On 10 May last year, Steven Kurtz woke to find that his wife, Hope, had
suffered a heart attack in the night and was lying lifeless next to him.

The experience was traumatic, but events that followed have turned the
professor's ordeal into macabre persecution. Today he faces a 20-year jail
sentence on terrorism-related charges. 'I am facing a long stretch in jail
for my beliefs and my art,' Kurtz, 47, an art professor at Buffalo
University, New York, told The Observer.

The affair also threatens to jeopardise academic freedom and scientific
exchange on either side of the Atlantic, lawyers have warned.

The ordeal of Kurtz, who is to appear in court on Tuesday on charges of mail
and wire fraud, began after he called medical emergency services. Paramedics
arrived to try, unsuccessfully, to revive his wife and noticed the
biological equipment in his flat. Kurtz is a member of the Critical Art
Ensemble, a group that aims, according to its website, to explore the
connections between art, technology and radical politics. He uses the
biological equipment to work on presentations such as Flesh Machine and
GenTerra, in which audiences participate in DNA experiments.

'I had a laboratory centrifuge for isolating DNA from cells, and other
equipment.

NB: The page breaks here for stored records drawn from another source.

lemma conj_corr_last_bipoly: "(\<lambda>u b. conj_corr 0 u b) \<in> bipoly"
proof -
  have m: "(\<lambda>u (b::'k). - u) \<in> bipoly" using bipoly_uminus[OF bipoly_fst] by simp
  have g: "(\<lambda>u (b::'k). - 0 - \<gamma> u (- u)) \<in> bipoly"
    using bipoly_uminus[OF gamma_bipoly[OF bipoly_fst m]] by simp
  have 1: "(\<lambda>u b. \<beta> 0 u b 0) \<in> bipoly"
    using beta_bipoly[OF bipoly_const bipoly_fst bipoly_snd bipoly_const] by simp
  have 2: "(\<lambda>u b. \<beta> 0 u (- 0 - \<gamma> u (- u)) (- u)) \<in> bipoly"
    using beta_bipoly[OF bipoly_const bipoly_fst g m] by simp
  have 3: "(\<lambda>u b. \<beta> (0 + b) u (- 0 - \<gamma> u (- u)) (- u)) \<in> bipoly"
    using beta_bipoly[OF bipoly_snd bipoly_fst g m] by simp
  show ?thesis using bipoly_add[OF bipoly_diff[OF 1 2] 3] by (simp add: conj_corr_def)
qed

lemma conj_corr_mid_bipoly: "(\<lambda>t b. conj_corr t 0 b) \<in> bipoly"
proof -
  have m: "(\<lambda>t (b::'k). - t) \<in> bipoly" using bipoly_uminus[OF bipoly_fst] by simp
  have s: "(\<lambda>t (b::'k). t + b) \<in> bipoly" using bipoly_add[OF bipoly_fst bipoly_snd] by simp
  have 1: "(\<lambda>t b. \<beta> t 0 b 0) \<in> bipoly"
    using beta_bipoly[OF bipoly_fst bipoly_const bipoly_snd bipoly_const] by simp
  have 2: "(\<lambda>t b. \<beta> t 0 (- t) 0) \<in> bipoly"
    using beta_bipoly[OF bipoly_fst bipoly_const m bipoly_const] by simp
  have 3: "(\<lambda>t b. \<beta> (t + b) 0 (- t) 0) \<in> bipoly"
    using beta_bipoly[OF s bipoly_const m bipoly_const] by simp
  show ?thesis using bipoly_add[OF bipoly_diff[OF 1 2] 3] by (simp add: conj_corr_def gamma_zero)
qed

text \<open>The centraliser hypothesis says exactly that, for \<open>u \<noteq> 0\<close>, conjugation by
  \<open>(0, \<dots>, 0, u)\<close> fixes \<open>(0, b, 0)\<close> modulo \<open>U\<^sub>n\<^sub>-\<^sub>3\<close> only for \<open>b = 0\<close>.\<close>
lemma conj_corr_last_roots:
  assumes centralizer: "\<forall>u::'k. u \<noteq> 0 \<longrightarrow> (\<forall>g \<in> Usub n (n - 1).
        (inv\<^bsub>G\<^esub> (vlast n u \<otimes>\<^bsub>G\<^esub> g) \<otimes>\<^bsub>G\<^esub> (g \<otimes>\<^bsub>G\<^esub> vlast n u) \<in> Usub n (n - 3))
        \<longleftrightarrow> g \<in> Usub n (n - 2))"
    and "u \<noteq> 0"
  shows "conj_corr 0 u b = 0 \<longleftrightarrow> b = 0"
proof -
  define g where "g = elem3 0 b 0"
  have g: "g \<in> Uset n" "g n = 0" by (simp_all add: g_def)
  hence "g \<in> Usub n (n - 1)" using Usub1_iff by blast
  hence "b = 0 \<longleftrightarrow> inv\<^bsub>G\<^esub> (vlast n u \<otimes>\<^bsub>G\<^esub> g) \<otimes>\<^bsub>G\<^esub> (g \<otimes>\<^bsub>G\<^esub> vlast n u) \<in> Usub n (n - 3)"
    using centralizer \<open>u \<noteq> 0\<close> elem3_Usub2_iff[of b] by (simp add: g_def)
  also have "\<dots> \<longleftrightarrow> top_eq (vlast n u \<otimes>\<^bsub>G\<^esub> g \<otimes>\<^bsub>G\<^esub> inv\<^bsub>G\<^esub> (vlast n u)) g"
    using g by (intro commutator_Usub3_iff) (simp_all add: vlast_elem3)
  also have "\<dots> \<longleftrightarrow> conj_corr 0 u b = 0"
    using conj_coords[OF _ g, of "vlast n u"] unfolding top_eq_def by (simp add: vlast_elem3 g_def)
  finally show ?thesis by simp
qed
(* If a monoid $M$ is the limit of an inductive system of strongly sofic monoids, then $M$ is strongly sofic.
   Context: An inductive system of monoids $(M_i,\psi_{ji})$ consists of a directed set $I$, monoids $M_i$ ($i\in I$), and monoid morphisms $\psi_{ji}\colon M_i\to M_j$ for $i\le j$ with $\psi_{ii}=\mathrm{Id}$ and $\psi_{kj}\circ\psi_{ji}=\psi_{ki}$ for $i\le j\le k$. Its limit is $\coprod_i M_i/\sim$, where $x_i\sim x_j$ ($x_i\in M_i$, $x_j\in M_j$) iff $\psi_{\ell i}(x_i)=\psi_{\ell j}(x_j)$ for some $\ell\ge i,j$, with multiplication $[x_i][y_j]=[\psi_{\ell i}(x_i)\psi_{\ell j}(y_j)]$ for $\ell\ge i,j$. Hamming metric on $\operatorname{Map}(D)$ (maps $D\to D$, $D$ finite non-empty): $d_D^{\mathrm{Ham}}(f,g)=\frac{1}{|D|}|\{v:f(v)\ne g(v)\}|$. A monoid $M$ is strongly sofic if for every finite $K\subset M$ there is an integer $\Delta_K\ge1$ such that for every $\varepsilon>0$ there exist a non-empty finite set $D$ and a map $\sigma\colon M\to\operatorname{Map}(D)$ with (1) $\sigma(1_M)=\mathrm{Id}_D$; (2) $d_D^{\mathrm{Ham}}(\sigma(k_1k_2),\sigma(k_1)\sigma(k_2))\le\varepsilon$ for $k_1,k_2\in K$; (3) $d_D^{\mathrm{Ham}}(\sigma(k_1),\sigma(k_2))\ge1-\varepsilon$ for distinct $k_1,k_2\in K$; (4) $|\sigma(k)^{-1}(v)|\le\Delta_K$ for $k\in K$, $v\in D$. *)

theory Defs
  imports "HOL-Algebra.Group" Complex_Main
begin

text \<open>Hamming distance on maps of a finite set D (maps D to D are represented
  as functions nat to nat that send D into D; D is a finite subset of nat).\<close>
definition ham_dist :: "nat set \<Rightarrow> (nat \<Rightarrow> nat) \<Rightarrow> (nat \<Rightarrow> nat) \<Rightarrow> real" where
  "ham_dist D f g = real (card {v \<in> D. f v \<noteq> g v}) / real (card D)"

The police were called and decided I could be using it for
terrorism.'

Kurtz was taken away, his wife's body still in their flat, and for the next
two days was interrogated by FBI agents convinced that he had been creating
biological weapons. 'They even decided I could be planning to use my cat to
disperse bacteria or viruses - so they locked it up as well.'

His apartment block was sealed off while agents wearing bio-hazard suits
searched his flat. 'All they got were my files, books and computer.'

Kurtz was eventually released but was still subject to a seven-week grand
jury investigation which concluded that although he could not be accused of
terrorism, he could be charged with fraudulent use of the US mail and wire
services.

These charges concern his use of harmless bacteria Serratia marcescens and
Bacillus atrophaeus , which he obtained by post from his friend Robert
Ferrell, a geneticist at Pittsburgh University. Ferrell, in turn, obtained
the samples from a standard academic culture bank.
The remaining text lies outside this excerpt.